Collected data entries
lemma Polish_group_topology_homeomorphic_translation:
  assumes "Polish_group_topology G X" "c \<in> G"
  shows "homeomorphic_map X X (\<lambda>x. x + c)"
proof -
  have "continuous_map X X (\<lambda>x. x + - c)"
    using Polish_group_topology_continuous_translation Polish_group_topology_uminus assms by blast
  then have "homeomorphic_maps X X (\<lambda>x. x + c) (\<lambda>x. x + - c)"
    unfolding homeomorphic_maps_def
    using Polish_group_topology_continuous_translation[OF assms] by auto
  then show ?thesis
    by (rule homeomorphic_maps_imp_map)
qed

lemma Polish_group_topology_continuous_reflection:
  assumes "Polish_group_topology G X" "c \<in> G"
  shows "continuous_map X X (\<lambda>x. c - x)"
  using continuous_map_compose[of X X uminus X "\<lambda>x. x + c"] assms
    Polish_group_topology_continuous_translation[OF assms]
  unfolding Polish_group_topology_def by (simp add: o_def)

lemma Polish_group_overlap_in_difference_set:
  assumes PG: "Polish_group_topology G X" and U: "openin X U" and M: "meagre X (sym_diff A U)"
    and g: "g \<in> G" "u \<in> U" "g + u \<in> U"
  shows "g \<in> {x - y |x y. x \<in> A \<and> y \<in> A}"
proof (rule ccontr)
  assume g_notin: "g \<notin> {x - y |x y. x \<in> A \<and> y \<in> A}"
  have top: "topspace X = G" and cms: "completely_metrizable_space X"
    using PG unfolding Polish_group_topology_def Polish_topology_def by auto
  define V where "V = U \<inter> {x \<in> topspace X. x + - g \<in> U}"
  have "openin X V"
    unfolding V_def
    using openin_continuous_map_preimage[OF Polish_group_topology_continuous_translation[OF PG
          Polish_group_topology_uminus[OF PG g(1)]] U] U by (rule openin_Int[rotated])
  moreover have "g + u \<in> V"
    unfolding V_def using g openin_subset[OF U] by auto
  moreover have "V \<subseteq> sym_diff A U \<union> (\<lambda>x. x + g) ` sym_diff A U"
  proof
    fix x assume "x \<in> V"
    then have "x \<in> U" "x - g \<in> U"
      unfolding V_def by auto
    have "g = x - (x - g)" by simp
    then have "x \<notin> A \<or> x - g \<notin> A"
      using g_notin by blast
    then show "x \<in> sym_diff A U \<union> (\<lambda>x. x + g) ` sym_diff A U"
    proof
      assume "x - g \<notin> A"
      then have "x - g \<in> sym_diff A U"
        using \<open>x - g \<in> U\<close> by blast
      then have "(x - g) + g \<in> (\<lambda>x. x + g) ` sym_diff A U"
        by (rule imageI)
      then show ?thesis by simp
    qed (use \<open>x \<in> U\<close> in blast)
  qed
  then have "meagre X V"
    by (rule meagre_subset[OF meagre_Un[OF M meagre_homeomorphic_image[OF
            Polish_group_topology_homeomorphic_translation[OF PG g(1)] M]]])
  ultimately show False
    using meagre_openin_empty[OF cms] by blast
qed

lemma Pettis_difference_set:
  assumes PG: "Polish_group_topology G X" and A: "A \<in> borel_sets_of X" "\<not> meagre X A"
  shows "\<exists>W. openin X W \<and> 0 \<in> W \<and> W \<subseteq> {x - y |x y. x \<in> A \<and> y \<in> A}"
proof -
  have top: "topspace X = G"
    using PG unfolding Polish_group_topology_def by simp
  obtain U where U: "openin X U" and M: "meagre X (sym_diff A U)"
    using Baire_property_borel_sets_of[OF A(1)] unfolding Baire_property_def by blast
  have "U \<noteq> {}"
  proof
    assume "U = {}"
    then show False
      using A(2) M by simp
  qed
  then obtain u where u: "u \<in> U" by blast
  have uG: "u \<in> G"
    using openin_subset[OF U] top u by blast
  have "0 \<in> G"
    using Polish_group_topology_add[OF PG uG Polish_group_topology_uminus[OF PG uG]] by simp
  define W where "W = {g \<in> G. g + u \<in> U}"
  have "openin X W"
    using openin_continuous_map_preimage[OF Polish_group_topology_continuous_translation[OF PG uG] U]
    unfolding W_def top by simp
  moreover have "0 \<in> W"
    unfolding W_def using \<open>0 \<in> G\<close> u by simp
  moreover have "W \<subseteq> {x - y |x y. x \<in> A \<and> y \<in> A}"
    unfolding W_def using Polish_group_overlap_in_difference_set[OF PG U M _ u] by blast
  ultimately show ?thesis by blast
qed

lemma separable_group_uncountable_family_difference:
  fixes f :: "'b \<Rightarrow> 'a::ab_group_add"
  assumes PG: "Polish_group_topology G X" and W: "openin X W" "0 \<in> W"
    and f: "uncountable (UNIV :: 'b set)" "range f \<subseteq> G"
  obtains \<alpha> \<beta> x y where "\<alpha> \<noteq> \<beta>" "x \<in> W" "y \<in> W" "f \<alpha> - f \<beta> = x - y"
proof -
  have top: "topspace X = G"
    using PG unfolding Polish_group_topology_def by simp
  obtain D where D: "countable D" "X closure_of D = G"
    using PG top unfolding Polish_group_topology_def Polish_topology_def separable_space_def by auto
  have "\<exists>d\<in>D. f \<alpha> - d \<in> W" for \<alpha>
  proof -
    let ?V = "{d \<in> topspace X. f \<alpha> - d \<in> W}"
    have "openin X ?V"
      using openin_continuous_map_preimage[OF Polish_group_topology_continuous_reflection[OF PG] W(1)]
        f(2) by blast
    moreover have "f \<alpha> \<in> ?V \<inter> X closure_of D"
      using f(2) top W(2) D(2) by auto
    ultimately show ?thesis
      using openin_Int_closure_of_eq_empty[of X ?V D] by blast
  qed
  then obtain h where h: "\<And>\<alpha>. h \<alpha> \<in> D" "\<And>\<alpha>. f \<alpha> - h \<alpha> \<in> W"
    by metis
  have "\<not> inj h"
    using f(1) countable_subset[of "range h" D] D(1) h(1) countable_image_inj_on by blast
  then obtain \<alpha> \<beta> where "\<alpha> \<noteq> \<beta>" "h \<alpha> = h \<beta>"
    unfolding inj_def by blast
  moreover from this have "f \<alpha> - f \<beta> = (f \<alpha> - h \<alpha>) - (f \<beta> - h \<beta>)"
    by simp
  ultimately show ?thesis
    using that h(2) by blast
qed

lemma not_Polishable_by_countable_cover:
  fixes F :: "nat \<Rightarrow> 'a::ab_group_add set"
  assumes borel: "\<And>n. F n \<inter> G \<in> borel_sets_of Y"
    and cover: "G \<subseteq> (\<Union>n. F n)"
    and diff: "\<And>a b x y. x \<in> F a \<Longrightarrow> y \<in> F b \<Longrightarrow> x - y \<in> F (a + b)"
    and family: "\<And>N. \<exists>f::real \<Rightarrow> 'a. range f \<subseteq> G \<and> (\<forall>\<alpha> \<beta>. \<alpha> \<noteq> \<beta> \<longrightarrow> f \<alpha> - f \<beta> \<notin> F N)"
  shows "\<not> Polishable G Y"
proof
  assume "Polishable G Y"
  then obtain X where PG: "Polish_group_topology G X" and "borel_sets_of X = borel_sets_of Y"
    unfolding Polishable_def by blast
  then have borelX: "F n \<inter> G \<in> borel_sets_of X" for n
    using borel by simp
  have top: "topspace X = G" and cms: "completely_metrizable_space X"
    using PG unfolding Polish_group_topology_def Polish_topology_def by auto
  have "G \<noteq> {}"
    using family[of 0] by blast
  then obtain n where "\<not> meagre X (F n \<inter> G)"
    using countable_cover_not_meagre[OF cms, of "\<lambda>n. F n \<inter> G"] cover top by blast
  then obtain W where W: "openin X W" "0 \<in> W"
    and W_diff: "W \<subseteq> {x - y |x y. x \<in> F n \<inter> G \<and> y \<in> F n \<inter> G}"
    using Pettis_difference_set[OF PG borelX] by blast
  have WF: "w \<in> F (n + n)" if w: "w \<in> W" for w
  proof -
    obtain x y where "w = x - y" "x \<in> F n" "y \<in> F n"
      using W_diff w by blast
    then show ?thesis
      using diff by simp
  qed
  obtain f :: "real \<Rightarrow> 'a" where fG: "range f \<subseteq> G"
    and f: "\<forall>\<alpha> \<beta>. \<alpha> \<noteq> \<beta> \<longrightarrow> f \<alpha> - f \<beta> \<notin> F ((n + n) + (n + n))"
    using family[of "(n + n) + (n + n)"] by blast
  obtain \<alpha> \<beta> x y where "\<alpha> \<noteq> \<beta>" "x \<in> W" "y \<in> W" "f \<alpha> - f \<beta> = x - y"
    by (rule separable_group_uncountable_family_difference[OF PG W uncountable_UNIV_real fG])
  then have "f \<alpha> - f \<beta> \<in> F ((n + n) + (n + n))"
    using diff[OF WF WF] by simp
  then show False
    using f \<open>\<alpha> \<noteq> \<beta>\<close> by blast
qed

section \<open>Orthonormal families\<close>

definition orthonormal_set :: "'a::real_inner set \<Rightarrow> bool" where
  "orthonormal_set E \<longleftrightarrow> (\<forall>e\<in>E. inner e e = 1) \<and> (\<forall>e\<in>E. \<forall>e'\<in>E. e \<noteq> e' \<longrightarrow> inner e e' = 0)"

lemma orthonormal_set_independent:
  assumes "orthonormal_set E"
  shows "independent E"
proof (rule pairwise_orthogonal_independent)
  show "pairwise orthogonal E"
    using assms unfolding orthonormal_set_def pairwise_def orthogonal_def by blast
  show "0 \<notin> E"
    using assms unfolding orthonormal_set_def by fastforce
qed

lemma orthonormal_set_insert_normalized:
  assumes "orthonormal_set E" "w \<noteq> 0" "\<forall>e\<in>E. inner w e = 0"
  shows "orthonormal_set (insert (w /\<^sub>R norm w) E) \<and> w /\<^sub>R norm w \<notin> E"
proof -
  have "inner (w /\<^sub>R norm w) (w /\<^sub>R norm w) = 1"
    using assms(2) by (simp add: power2_norm_eq_inner[symmetric] power2_eq_square)
  then show ?thesis
    using assms unfolding orthonormal_set_def by (auto simp: inner_commute)
qed

lemma exists_orthogonal_component:
  fixes E :: "'a::real_inner set"
  assumes "finite E" "orthonormal_set E" "v \<notin> span E"
  shows "\<exists>w. w \<noteq> 0 \<and> (\<forall>e\<in>E. inner w e = 0) \<and> v - w \<in> span E"
proof -
  define s where "s = (\<Sum>e\<in>E. inner v e *\<^sub>R e)"
  have s: "s \<in> span E"
    unfolding s_def by (intro span_sum span_scale span_base)
  have "inner s e' = inner v e'" if "e' \<in> E" for e'
  proof -
    have "inner s e' = (\<Sum>e\<in>E. if e = e' then inner v e' else 0)"
      unfolding s_def inner_sum_left using assms(2) that
      unfolding orthonormal_set_def by (intro sum.cong) auto
    then show ?thesis
      using assms(1) that by simp
  qed
  then show ?thesis
    using s assms(3) by (intro exI[of _ "v - s"]) (auto simp: inner_diff_left)
qed
(* Let $Q$ be a symmetric Leibniz algebra and $L$ a semiprime subalgebra of $Q$ such that $Q$ is an algebra of quotients of $L$. Then $\mathscr{A}(Q)$ is a left quotient algebra of $\mathscr{A}_0$.
   Context: A symmetric Leibniz algebra is one satisfying both $[x,[y,z]]=[[x,y],z]-[[x,z],y]$ and $[x,[y,z]]=[[x,y],z]+[y,[x,z]]$. Ideals of $L$ are subspaces $I$ with $[I,L]\subseteq I$, $[L,I]\subseteq I$; $L$ is semiprime if $[I,I]\ne\{0\}$ for every nonzero ideal $I$. For $x\in Q$, $R_x(u)=[u,x]$, $L_x(u)=[x,u]$. $\mathscr{A}(Q)$ is the associative subalgebra of $\mathrm{End}(Q)$ generated by $\{R_x,L_y:x,y\in Q\}$, and $\mathscr{A}_0=\{\mu\in\mathscr{A}(Q):\mu(L)\subseteq L\}$. For $q\in Q$, with $\mathscr{A}_Q(L)$ the subalgebra of $\mathscr{A}(Q)$ generated by $R_x,L_y$ ($x,y\in L$), set ${}_L(q)=\mathbb{F}q+\{\sum\xi_i(q):\xi_i\in\mathscr{A}_Q(L)\}$ and $(L:q)=\{x\in L:[x,{}_L(q)]\subseteq L,[{}_L(q),x]\subseteq L\}$. $Q$ is an algebra of quotients of $L$ if for all $p,q\in Q$ with $p\ne0$ there is $x\in(L:q)$ with $[x,p]\ne0$ or $y\in(L:q)$ with $[p,y]\ne0$. An associative algebra $S$ is a left quotient algebra of a subalgebra $A$ if for all $p,q\in S$ with $p\neq 0$ there exists $x\in A$ with $xp\neq0$ and $xq\in A$. *)

theory Defs
  imports Main "HOL.Vector_Spaces"
begin

text \<open>Setting: Q is the whole carrier type 'q, a vector space over the field 'f
with scalar multiplication sc; br is the bracket of Q.\<close>

definition bilinear_bracket :: "('f::field \<Rightarrow> 'q::ab_group_add \<Rightarrow> 'q) \<Rightarrow> ('q \<Rightarrow> 'q \<Rightarrow> 'q) \<Rightarrow> bool" where
  "bilinear_bracket sc br \<longleftrightarrow>
     (\<forall>y. Vector_Spaces.linear sc sc (\<lambda>x. br x y)) \<and> (\<forall>x. Vector_Spaces.linear sc sc (br x))"

definition symmetric_leibniz :: "('f::field \<Rightarrow> 'q::ab_group_add \<Rightarrow> 'q) \<Rightarrow> ('q \<Rightarrow> 'q \<Rightarrow> 'q) \<Rightarrow> bool" where
  "symmetric_leibniz sc br \<longleftrightarrow> vector_space sc \<and> bilinear_bracket sc br \<and>
     (\<forall>x y z. br x (br y z) = br (br x y) z - br (br x z) y) \<and>
     (\<forall>x y z. br x (br y z) = br (br x y) z + br y (br x z))"

definition subalgebra :: "('f::field \<Rightarrow> 'q::ab_group_add \<Rightarrow> 'q) \<Rightarrow> ('q \<Rightarrow> 'q \<Rightarrow> 'q) \<Rightarrow> 'q set \<Rightarrow> bool" where
  "subalgebra sc br L \<longleftrightarrow> module.subspace sc L \<and> (\<forall>x\<in>L. \<forall>y\<in>L. br x y \<in> L)"

definition ideal_of :: "('f::field \<Rightarrow> 'q::ab_group_add \<Rightarrow> 'q) \<Rightarrow> ('q \<Rightarrow> 'q \<Rightarrow> 'q) \<Rightarrow> 'q set \<Rightarrow> 'q set \<Rightarrow> bool" where
  "ideal_of sc br L I \<longleftrightarrow> I \<subseteq> L \<and> module.subspace sc I \<and>
     (\<forall>a\<in>I. \<forall>x\<in>L. br a x \<in> I \<and> br x a \<in> I)"

text \<open>[I,I] \<noteq> {0}: the span of all brackets is nonzero iff some bracket is nonzero.\<close>
definition semiprime :: "('f::field \<Rightarrow> 'q::ab_group_add \<Rightarrow> 'q) \<Rightarrow> ('q \<Rightarrow> 'q \<Rightarrow> 'q) \<Rightarrow> 'q set \<Rightarrow> bool" where
  "semiprime sc br L \<longleftrightarrow>
     (\<forall>I. ideal_of sc br L I \<and> I \<noteq> {0} \<longrightarrow> (\<exists>a\<in>I. \<exists>b\<in>I. br a b \<noteq> 0))"

text \<open>Associative (non-unital) subalgebra of End(Q) generated by R_x, L_y with x, y in S:
  the smallest set containing these operators that is closed under
  addition, scalar multiples and composition (it contains 0 as 0 * R_x).\<close>
inductive_set gen_alg :: "('f::field \<Rightarrow> 'q::ab_group_add \<Rightarrow> 'q) \<Rightarrow> ('q \<Rightarrow> 'q \<Rightarrow> 'q) \<Rightarrow> 'q set \<Rightarrow> ('q \<Rightarrow> 'q) set"
  for sc br S where
  R: "x \<in> S \<Longrightarrow> (\<lambda>u. br u x) \<in> gen_alg sc br S"
| L: "y \<in> S \<Longrightarrow> (\<lambda>u. br y u) \<in> gen_alg sc br S"
| zero: "(\<lambda>u. 0) \<in> gen_alg sc br S"
| add: "f \<in> gen_alg sc br S \<Longrightarrow> g \<in> gen_alg sc br S \<Longrightarrow> (\<lambda>u. f u + g u) \<in> gen_alg sc br S"
| smult: "f \<in> gen_alg sc br S \<Longrightarrow> (\<lambda>u. sc c (f u)) \<in> gen_alg sc br S"
| comp: "f \<in> gen_alg sc br S \<Longrightarrow> g \<in> gen_alg sc br S \<Longrightarrow> f \<circ> g \<in> gen_alg sc br S"
(* Let $\mathcal{X}$ be a compact design space and, for $i=1,\dots,\nu$, let $\eta_i(x,\theta_i)$ be regression functions with parameters in compact sets $\Theta_i\subset\mathbb{R}^{d_i}$ such that (A1) each $\eta_i(\cdot,\theta_i)$ is continuously differentiable with respect to $\theta_i$, and (A2) for every design $\xi$ with $T_{\mathrm{P}}(\xi)>0$ and every pair $(i,j)$ with $p_{i,j}\neq0$, the infimum $\inf_{\theta_{i,j}\in\Theta_j}\int_{\mathcal{X}}[\eta_i(x,\overline{\theta}_i)-\eta_j(x,\theta_{i,j})]^2\xi(dx)$ is attained at a unique point $\widehat{\theta}_{i,j}(\xi)$ in the interior of $\Theta_j$. Here $p_{i,j}\ge0$ are weights, $\overline{\theta}_i\in\Theta_i$ fixed, and $T_{\mathrm{P}}(\xi)=\sum_{i,j}p_{i,j}\inf_{\theta_{i,j}\in\Theta_j}\int_{\mathcal{X}}[\eta_i(x,\overline{\theta}_i)-\eta_j(x,\theta_{i,j})]^2\xi(dx)$. Consider the algorithm: start with a design $\xi_0$ with $T_{\mathrm{P}}(\xi_0)>0$; given $\xi_s$ with support $\mathcal{S}_{[s]}$, (1) set $\mathcal{S}_{[s+1]}=\mathcal{S}_{[s]}\cup\mathcal{E}_{[s]}$ where $\mathcal{E}_{[s]}$ is the set of all local maxima of $x\mapsto\Psi(x,\xi_s)$ on $\mathcal{X}$; (2) choose weights $\omega_{[s+1]}$ maximizing $\omega\mapsto T_{\mathrm{P}}(\{\mathcal{S}_{[s+1]},\omega\})$ over probability weight vectors on $\mathcal{S}_{[s+1]}$, discard zero-weight points, and let $\xi_{s+1}$ be the resulting design. Then at the end of each iteration, the function $x\mapsto\Psi(x,\xi_{s+1})$ takes one and the same value at all support points of $\xi_{s+1}$.
   Context: A design is a probability measure on $\mathcal{X}$ with finite support; $\{\mathcal{S},\omega\}$ denotes the design on the finite set $\mathcal{S}$ with weight vector $\omega$. Under (A1)–(A2), for a design $\xi$ with $T_{\mathrm{P}}(\xi)>0$, $$\Psi(x,\xi)=\sum_{i,j=1}^{\nu}p_{i,j}\big[\eta_i(x,\overline{\theta}_i)-\eta_j(x,\widehat{\theta}_{i,j}(\xi))\big]^2.$$ *)

theory Defs
  imports "HOL-Analysis.Analysis"
begin

text \<open>A design on the design space X: a probability measure with finite support,
  represented by its weight function (the weight of every point).\<close>

definition supp :: "('x \<Rightarrow> real) \<Rightarrow> 'x set" where
  "supp \<xi> = {x. \<xi> x \<noteq> 0}"

definition design :: "'x set \<Rightarrow> ('x \<Rightarrow> real) \<Rightarrow> bool" where
  "design X \<xi> \<longleftrightarrow> (\<forall>x. \<xi> x \<ge> 0) \<and> finite (supp \<xi>) \<and> supp \<xi> \<subseteq> X
      \<and> sum \<xi> (supp \<xi>) = 1"

definition loss :: "(nat \<Rightarrow> 'x \<Rightarrow> 'p \<Rightarrow> real) \<Rightarrow> (nat \<Rightarrow> 'p) \<Rightarrow> nat \<Rightarrow> nat
      \<Rightarrow> ('x \<Rightarrow> real) \<Rightarrow> 'p \<Rightarrow> real" where
  "loss \<eta> tbar i j \<xi> \<theta> = (\<Sum>x\<in>supp \<xi>. \<xi> x * (\<eta> i x (tbar i) - \<eta> j x \<theta>)\<^sup>2)"

definition TP :: "nat \<Rightarrow> (nat \<Rightarrow> nat \<Rightarrow> real) \<Rightarrow> (nat \<Rightarrow> 'x \<Rightarrow> 'p \<Rightarrow> real)
      \<Rightarrow> (nat \<Rightarrow> 'p) \<Rightarrow> (nat \<Rightarrow> 'p set) \<Rightarrow> ('x \<Rightarrow> real) \<Rightarrow> real" where
  "TP \<nu> p \<eta> tbar \<Theta> \<xi> =
     (\<Sum>i\<in>{1..\<nu>}. \<Sum>j\<in>{1..\<nu>}. p i j * (INF \<theta>\<in>\<Theta> j. loss \<eta> tbar i j \<xi> \<theta>))"

text \<open>The (unique, under (A2)) minimiser \<open>\<theta>hat_{i,j}(\<xi>)\<close>.\<close>

definition thetahat :: "(nat \<Rightarrow> 'x \<Rightarrow> 'p \<Rightarrow> real) \<Rightarrow> (nat \<Rightarrow> 'p) \<Rightarrow> (nat \<Rightarrow> 'p set)
      \<Rightarrow> nat \<Rightarrow> nat \<Rightarrow> ('x \<Rightarrow> real) \<Rightarrow> 'p" where
  "thetahat \<eta> tbar \<Theta> i j \<xi> =
     (THE \<theta>. \<theta> \<in> \<Theta> j \<and> loss \<eta> tbar i j \<xi> \<theta> = (INF t\<in>\<Theta> j. loss \<eta> tbar i j \<xi> t))"

definition Psi :: "nat \<Rightarrow> (nat \<Rightarrow> nat \<Rightarrow> real) \<Rightarrow> (nat \<Rightarrow> 'x \<Rightarrow> 'p \<Rightarrow> real)
      \<Rightarrow> (nat \<Rightarrow> 'p) \<Rightarrow> (nat \<Rightarrow> 'p set) \<Rightarrow> 'x \<Rightarrow> ('x \<Rightarrow> real) \<Rightarrow> real" where
  "Psi \<nu> p \<eta> tbar \<Theta> x \<xi> =
     (\<Sum>i\<in>{1..\<nu>}. \<Sum>j\<in>{1..\<nu>}.
        p i j * (\<eta> i x (tbar i) - \<eta> j x (thetahat \<eta> tbar \<Theta> i j \<xi>))\<^sup>2)"

definition local_max_on :: "'x::topological_space set \<Rightarrow> ('x \<Rightarrow> real) \<Rightarrow> 'x \<Rightarrow> bool" where
  "local_max_on X f x \<longleftrightarrow> x \<in> X \<and> (\<exists>U. open U \<and> x \<in> U \<and> (\<forall>y\<in>U \<inter> X. f y \<le> f x))"

text \<open>Interior of a parameter set \<Theta> \<subseteq> E, where the linear subspace E (of dimension d)
  plays the role of \<open>\<real>^d\<close>: interior relative to E.\<close>

definition interior_in :: "'p::real_normed_vector set \<Rightarrow> 'p set \<Rightarrow> 'p set" where
  "interior_in E \<Theta> = {\<theta>. \<exists>U. openin (top_of_set E) U \<and> \<theta> \<in> U \<and> U \<subseteq> \<Theta>}"

end

theory Submission
  imports Defs
begin
(* There is an absolute constant $c>0$ such that for every integer $k\geq 2$, the largest number $N(k)$ of vertices of a connected integral circulant graph $G(n;S)$ of degree $k$ satisfies $$N(k)\leq \exp\left(c\sqrt{k\log\log(k+2)}\,\log k\right).$$
   Context: For an integer $n$ and a set $S\subseteq\{1,\dots,n-1\}$ such that $s\in S$ if and only if $n-s\in S$, the circulant graph $G(n;S)$ is the undirected graph on vertex set $\mathbb{Z}_n$ in which $i$ and $j$ are adjacent iff $i-j \bmod n\in S$; its degree is $\#S$. A graph is integral if all eigenvalues of its adjacency matrix are integers. *)

theory Defs
  imports Complex_Main "Jordan_Normal_Form.Char_Poly"
begin

definition circulant_set :: "nat \<Rightarrow> nat set \<Rightarrow> bool" where
  "circulant_set n S \<longleftrightarrow> S \<subseteq> {1..<n} \<and> (\<forall>s\<in>{1..<n}. s \<in> S \<longleftrightarrow> n - s \<in> S)"

definition circ_adj :: "nat \<Rightarrow> nat set \<Rightarrow> nat \<Rightarrow> nat \<Rightarrow> bool" where
  "circ_adj n S i j \<longleftrightarrow> i < n \<and> j < n \<and> nat ((int i - int j) mod int n) \<in> S"

definition circ_adj_mat :: "nat \<Rightarrow> nat set \<Rightarrow> complex mat" where
  "circ_adj_mat n S = mat n n (\<lambda>(i,j). if circ_adj n S i j then 1 else 0)"

definition integral_circulant :: "nat \<Rightarrow> nat set \<Rightarrow> bool" where
  "integral_circulant n S \<longleftrightarrow> (\<forall>ev. eigenvalue (circ_adj_mat n S) ev \<longrightarrow> ev \<in> \<int>)"

definition connected_circulant :: "nat \<Rightarrow> nat set \<Rightarrow> bool" where
  "connected_circulant n S \<longleftrightarrow> (\<forall>i<n. \<forall>j<n. (circ_adj n S)\<^sup>*\<^sup>* i j)"

end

▶ EXERCISE DIRECTIONS
Search the data for "tbar". Copy every line that has it.

▶ WRITTEN ANSWER
  "loss \<eta> tbar i j \<xi> \<theta> = (\<Sum>x\<in>supp \<xi>. \<xi> x * (\<eta> i x (tbar i) - \<eta> j x \<theta>)\<^sup>2)"
  "TP \<nu> p \<eta> tbar \<Theta> \<xi> =
     (\<Sum>i\<in>{1..\<nu>}. \<Sum>j\<in>{1..\<nu>}. p i j * (INF \<theta>\<in>\<Theta> j. loss \<eta> tbar i j \<xi> \<theta>))"
  "thetahat \<eta> tbar \<Theta> i j \<xi> =
     (THE \<theta>. \<theta> \<in> \<Theta> j \<and> loss \<eta> tbar i j \<xi> \<theta> = (INF t\<in>\<Theta> j. loss \<eta> tbar i j \<xi> t))"
  "Psi \<nu> p \<eta> tbar \<Theta> x \<xi> =
        p i j * (\<eta> i x (tbar i) - \<eta> j x (thetahat \<eta> tbar \<Theta> i j \<xi>))\<^sup>2)"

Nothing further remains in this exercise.